I am looking for opinion,
1. If Gross 120k SGD is enough to survive for family with kids 4 & 6 in Singapore. 
2. how much is the TAX in Singapore 
3. expenses in govt school.


----------



## ebiburger (Oct 20, 2012)

Some of the factors you should consider

Rent: $2.5k - $3k/mth for a HDB apartment, $3.5k-$7k/mth for a condo(depending on location and which condo)

Transport: $300 / mth for public transport. A car would cost much more

Insurance: Health insurance for your whole family would be about $2000 for the whole year. Get the local ones, would be much cheaper and would be sufficient for your stay in SG.

Food expenses: $1000 - $1500 /mth, depending on whether you would dine out often.

School fees: govt fees for foreigners is about $200-300/mth for primary schools

So yes, considering you will earn about $10k per month, it should be enough for you to survive and do with some savings unless you are planning on renting a car/ getting a car, which is very costly in Singapore.

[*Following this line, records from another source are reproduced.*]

(* Let $n\ge 1$, $m\ge 0$ be integers and let non-negative integers $r_0,r_1,\dots,r_n$ satisfy $$r_n=0,\quad r_{n-1}=m,\quad r_\ell\ge 2r_{\ell+1}\ \text{ for } \ell=n-2,\dots,0.$$ Let $k\ge 2r_0+1$ (so $k\ge 2^n m+1$). Let $T$ be an $n$-simplex and define the subsets of $\mathbb T^n_k$: $$S_0(\texttt v)=D(\texttt v,r_0)\quad(\texttt v\in\Delta_0(T)),$$ $$S_\ell(f)=D(f,r_\ell)\setminus\Big[\bigcup_{i=0}^{\ell-1}\bigcup_{e\in\Delta_i(f)}D(e,r_i)\Big]\quad (f\in\Delta_\ell(T),\ \ell=1,\dots,n-1),$$ $$S_n(T)=\mathbb T^n_k\setminus\Big[\bigcup_{i=0}^{n-1}\bigcup_{f\in\Delta_i(T)}D(f,r_i)\Big].$$ Then the sets $S_\ell(f)$, $f\in\Delta_\ell(T)$, $\ell=0,\dots,n$, are pairwise disjoint and their union is $\mathbb T^n_k$. Consequently $$\mathbb P_k(T)=\bigoplus_{\ell=0}^n\bigoplus_{f\in\Delta_\ell(T)}\mathbb P_k(S_\ell(f))\quad\text{(direct sum)}.$$
   Context: $T\subset\mathbb R^n$ is an $n$-simplex with vertices $\texttt v_0,\dots,\texttt v_n$ and barycentric coordinates $\lambda_0,\dots,\lambda_n$. $\mathbb N$ includes $0$. The simplicial lattice is $\mathbb T^n_k=\{\alpha=(\alpha_0,\dots,\alpha_n)\in\mathbb N^{n+1}:\sum_i\alpha_i=k\}$, and $\lambda^\alpha=\prod_i\lambda_i^{\alpha_i}$. For $S\subseteq\mathbb T^n_k$, $\mathbb P_k(S)=\mathrm{span}\{\lambda^\alpha:\alpha\in S\}$; $\mathbb P_k(T)$ is the space of polynomials of degree $\le k$ on $T$. $\Delta_\ell(T)$ is the set of $\ell$-dimensional sub-simplices (faces) of $T$; each $f\in\Delta_\ell(T)$ is identified with the set of indices of its vertices, $f\subseteq\{0,\dots,n\}$, $|f|=\ell+1$, and $f^*=\{0,\dots,n\}\setminus f$; a vertex $\texttt v_i$ is identified with $\{i\}$. For $\alpha\in\mathbb T^n_k$, $|\alpha_{f^*}|=\sum_{i\in f^*}\alpha_i$ (the distance $\mathrm{dist}(\alpha,f)$). The lattice tube of $f$ with radius $r$ is $D(f,r)=\{\alpha\in\mathbb T^n_k:|\alpha_{f^*}|\le r\}$. *)

theory Defs
  imports "HOL-Analysis.Analysis"
begin

definition lattice :: "nat \<Rightarrow> nat \<Rightarrow> (nat \<Rightarrow> nat) set" where
  "lattice n k = {\<alpha>. (\<forall>i>n. \<alpha> i = 0) \<and> (\<Sum>i\<le>n. \<alpha> i) = k}"

text \<open>l-dimensional faces of T, identified with their vertex index sets.\<close>
definition faces :: "nat \<Rightarrow> nat \<Rightarrow> nat set set" where
  "faces n l = {f. f \<subseteq> {0..n} \<and> card f = l + 1}"

text \<open>|alpha_{f*}| = sum of alpha_i over i in f* = {0..n} - f.\<close>
definition fdist :: "nat \<Rightarrow> (nat \<Rightarrow> nat) \<Rightarrow> nat set \<Rightarrow> nat" where
  "fdist n \<alpha> f = (\<Sum>i\<in>{0..n} - f. \<alpha> i)"

definition tube :: "nat \<Rightarrow> nat \<Rightarrow> nat set \<Rightarrow> nat \<Rightarrow> (nat \<Rightarrow> nat) set" where
  "tube n k f r = {\<alpha> \<in> lattice n k. fdist n \<alpha> f \<le> r}"

definition Sset :: "nat \<Rightarrow> nat \<Rightarrow> (nat \<Rightarrow> nat) \<Rightarrow> nat \<Rightarrow> nat set \<Rightarrow> (nat \<Rightarrow> nat) set" where
  "Sset n k r l f =
     (if l = 0 then tube n k f (r 0)
      else if l < n then tube n k f (r l) - (\<Union>i<l. \<Union>e\<in>{e. e \<subseteq> f \<and> card e = i + 1}. tube n k e (r i))
      else lattice n k - (\<Union>i<n. \<Union>g\<in>faces n i. tube n k g (r i)))"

Tax rates in Singapore can be found from IRAS's website


----------



## thewall (Jul 5, 2012)

ebiburger said:


> Some of the factors you should consider
> 
> Rent: $2.5k - $3k/mth for a HDB apartment, $3.5k-$7k/mth for a condo(depending on location and which condo)
> 
> ...



Thanks a lot, that was quite useful.

My company pays Insurance and Annual bonus outside this 120k. 

I was wondering why manager cautioned saying Family with 2 kids could be challanging. It seems he might be refering to Condo+ Intl School. But if I m fine with HDB+Govt school, its no a bad deal then.


----------



## ebiburger (Oct 20, 2012)

Yup, that's right. Condo and International School fees actually forms bulk of the expenses for expats who come to Singapore. And most expats choose to opt for condos too. 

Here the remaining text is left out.